Section 4947(a)(2)(A) provides that § 4947(a)(2) shall not apply with respect to any amounts payable under the terms of such trust to non-charitable income beneficiaries.

Section 53.4947-1(c)(2)(ii) of the Foundation and Similar Excise Taxes Regulations provides, in essence, that payments of income by a CRUT to its individual income beneficiaries do not result in any tax on self-dealing under § 4947.

Section 1.7520-3(b)(1)(ii) of the Income Tax Regulations provides that the standard § 7520 annuity, life estate, or remainder factor may not be used to value a restricted beneficial interest. However, a special factor may be used to value a restricted beneficial interest in some circumstances. Section 1.7520-3(b)(1)(i)(C) provides that the standard factor for an ordinary remainder interest represents the present worth of the right to receive $1.00 at the end of a defined period. Section 1.7520-3(b)(1)(i)(B) provides that the standard factor for an ordinary life estate interest represents the right to receive the use of $1.00 for a defined period.

Trust is a split-interest trust described in § 4947(a)(2). By being described in § 4947(a)(2), Trust is subject to the provisions of §§ 507 and 4941 and certain other provisions, as if it were a private foundation.

A and B are disqualified persons with respect to Trust within the meaning of § 4946(a)(1)(A). Section 507(d)(2) defines the term "substantial contributor" to include the creator of the trust.

By early termination, Trust will distribute lump sums to A, B, and the charities, equal to the actuarial value of their interests in Trust (taking into account the net-income and make-up provisions of Trust), and the distributions are also treated as a constructive sale or exchange between A, B, and the charities.

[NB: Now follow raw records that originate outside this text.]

lemma braket_bound:
  assumes "\<And>i j. cmod (M i j) \<le> 1"
  shows "cmod (braket a M b) \<le> (\<Sum>i\<in>UNIV. cmod (a i)) * (\<Sum>j\<in>UNIV. cmod (b j))"
proof -
  have "cmod (braket a M b) = cmod (\<Sum>i\<in>UNIV. \<Sum>j\<in>UNIV. cnj (a i) * M i j * b j)"
    by (simp add: cinner_def mat_vec_def sum_distrib_left mult.assoc)
  also have "\<dots> \<le> (\<Sum>i\<in>UNIV. \<Sum>j\<in>UNIV. cmod (a i) * cmod (b j))"
  proof (intro order_trans[OF norm_sum] sum_mono)
    fix i j
    have "cmod (M i j) * (cmod (a i) * cmod (b j)) \<le> 1 * (cmod (a i) * cmod (b j))"
      using assms by (intro mult_right_mono) auto
    then show "cmod (cnj (a i) * M i j * b j) \<le> cmod (a i) * cmod (b j)"
      by (simp add: norm_mult mult_ac)
  qed
  also have "\<dots> = (\<Sum>i\<in>UNIV. cmod (a i)) * (\<Sum>j\<in>UNIV. cmod (b j))"
    by (simp add: sum_product)
  finally show ?thesis .
qed

lemma density_matrix_braket_self_bound:
  assumes "density_matrix \<tau>"
  shows "0 \<le> Re (braket u \<tau> u) \<and>
    Re (braket u \<tau> u) \<le> (\<Sum>i\<in>UNIV. cmod (u i)) * (\<Sum>i\<in>UNIV. cmod (u i))"
proof -
  have "0 \<le> Re (braket u \<tau> u)"
    using assms psd_Re_nonneg by (auto simp: density_matrix_def)
  moreover have "Re (braket u \<tau> u) \<le> cmod (braket u \<tau> u)"
    by (rule complex_Re_le_cmod)
  moreover have "cmod (braket u \<tau> u) \<le> (\<Sum>i\<in>UNIV. cmod (u i)) * (\<Sum>i\<in>UNIV. cmod (u i))"
    by (rule braket_bound[OF density_matrix_entry_bound[OF assms]])
  ultimately show ?thesis
    by linarith
qed

section \<open>Orthogonal projectors\<close>

definition is_projector :: "'a::finite cmat \<Rightarrow> bool" where
  "is_projector P \<longleftrightarrow> adjoint P = P \<and> mat_mult P P = P"

lemma is_orth_projector_iff: "is_orth_projector P S \<longleftrightarrow> is_projector P \<and> range (mat_vec P) = S"
  by (auto simp: is_orth_projector_def is_projector_def)

lemma projector_fixes_range:
  assumes "mat_mult P P = P" "v \<in> range (mat_vec P)"
  shows "mat_vec P v = v"
  using assms by (metis imageE mat_vec_mat_mult)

Generally, payments to A and B from Trust would constitute self-dealing. However, because the distribution to A and B equals the actuarial value of the income interest, taking into account the net-income provisions of the trust, the exception to self-dealing provided by § 53.4947-1(c)(2)(i) applies and the distribution will not be an act of self-dealing. Furthermore, because the designated charities are public charities, § 4941 does not apply to the transaction between A, B, and the charities.

The appropriate calculation of the actuarial value of the income interest of Trust, taking into account the net-income provisions of Trust, requires the use of a reasonable method for the calculation which does not inappropriately inflate A and B's interest to the detriment of the charitable remaindermen.

One reasonable method to calculate the actuarial value of the income and remainder interests is the following: the computation of the remainder interest is found using a special factor as indicated in § 1.7520-3(b)(1)(ii). The special remainder factor is found by using the methodology stated in § 1.664-4 for computing the factor for a remainder interest in a unitrust, with the following modification: where § 1.664-4(a)(3) provides an assumption that the trust's stated payout percentage is to be paid out each year, instead the assumed payout shall be that of a fixed percentage which is equal to the lesser of the trust's stated payout percentage or the § 7520 rate for the month of termination. The special factor for the non-charitable payout interest is 1 minus the special remainder factor.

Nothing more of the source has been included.